People are weird about mold nowadays. The bees have been dealing with it for years without the over reaction that we have. For the most part, bees take care of mold and mildew as a matter of course. Help them out by scraping off the alarming stuff but beyond that, they'll be just fine and you will too!


----------



## jimsteelejr (Sep 21, 2012)

I just pulled a bunch of frames out to start adding supers to my bees. One stack of 6 medium supers was fine, The other stack was furry with mold. I can't imagine that that would be safe for the bees or people who consume my honey. I read all your posts and want to believe but it just does not seem right to put the moldy frames back on my hives without trying to kill the mold. I plan to use a 1 to 20 bleach solution and soak the frames over night then rinse them and put them in the sun to dry. I will only try it on one hive at first and let everyone know after a couple of weeks what happens.


----------



## camero7 (Sep 21, 2009)

You don't need to soak them, just mist them to disinfect. But bleach is good IMO


----------



## throrope (Dec 18, 2008)

I found two of my hives with heavy mold in the lower deeps. Before I got around to doing anything, the girls cleaned all and if I didn't see it before, I wouldn't have known it happened.

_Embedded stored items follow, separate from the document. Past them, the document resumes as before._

lemma det_upper_unitriangular:
  assumes "T \<in> carrier_mat s s" "\<And>i j. j < i \<Longrightarrow> i < s \<Longrightarrow> T $$ (i, j) = 0"
    "\<And>i. i < s \<Longrightarrow> T $$ (i, i) = 1"
  shows "det T = 1"
proof -
  have "upper_triangular T"
    using assms unfolding upper_triangular_def by auto
  then show ?thesis
    using det_upper_triangular[OF _ assms(1)] assms
    by (simp add: diag_mat_def prod.list_conv_set_nth atLeast0LessThan)
qed

text \<open>The window of the product is the shifted window of \<open>B\<close> times an upper unitriangular
  matrix.\<close>
lemma gen_minor_mult_Wmat:
  assumes B: "B \<in> carrier_mat n n" and ps: "p + s < n"
    and rows: "\<And>a. a < s \<Longrightarrow> \<rho> a < n \<and> B $$ (\<rho> a, p) = 0"
  shows "gen_minor (B * Wmat n (Suc p) y) \<rho> p s = gen_minor B \<rho> (Suc p) s"
proof -
  define T where
    "T = mat s s (\<lambda>(a, b). if a = b then 1 else if Suc a = b then y (Suc (p + b)) else (0::complex))"
  define S where "S = mat s s (\<lambda>(a, b). B $$ (\<rho> a, Suc p + b))"
  have TC: "T \<in> carrier_mat s s" and SC: "S \<in> carrier_mat s s"
    unfolding T_def S_def by auto
  have window: "mat s s (\<lambda>(a, b). (B * Wmat n (Suc p) y) $$ (\<rho> a, p + b)) = S * T"
  proof (rule eq_matI)
    fix a b assume "a < dim_row (S * T)" "b < dim_col (S * T)"
    then have a: "a < s" and b: "b < s"
      using SC TC by auto
    have "(S * T) $$ (a, b) = (\<Sum>t<s. S $$ (a, t) * T $$ (t, b))"
      by (rule index_mult_mat_sum[OF SC TC a b])
    also have "\<dots> = (\<Sum>t<s. (if t = b then B $$ (\<rho> a, Suc p + b) else 0)
       + (if t = b - 1 then (if 0 < b then B $$ (\<rho> a, p + b) * y (Suc (p + b)) else 0) else 0))"
      by (rule sum.cong) (auto simp: S_def T_def a b)
    also have "\<dots> = (B * Wmat n (Suc p) y) $$ (\<rho> a, p + b)"
      using index_mult_Wmat[OF B, of "\<rho> a" "p + b" "Suc p" y] rows[OF a] a b ps
      by (simp add: sum.distrib less_imp_diff_less)
    finally show
      "mat s s (\<lambda>(a, b). (B * Wmat n (Suc p) y) $$ (\<rho> a, p + b)) $$ (a, b) = (S * T) $$ (a, b)"
      using a b by simp
  qed (use SC TC in auto)
  have "det T = 1"
    by (rule det_upper_unitriangular[OF TC]) (auto simp: T_def)
  then show ?thesis
    unfolding gen_minor_def window det_mult[OF SC TC] by (simp add: S_def)
qed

I suggest a light brushing for the surface and leave the rest to the girls. Don't turn this into a project.


----------



## BMAC (Jun 23, 2009)

I let them sit in full sunlight for a couple of days prior to using modly frames. We all hate to see it but it happens.


----------



## wadehump (Sep 30, 2007)

dead wet hollow tree black mold swarm moves in not a problem clean up place propolis every where house keeping 101, dead wet hollow tree colony dies out over winter mold and dead bodies all around swarm moves in cleans up house keeping 101


----------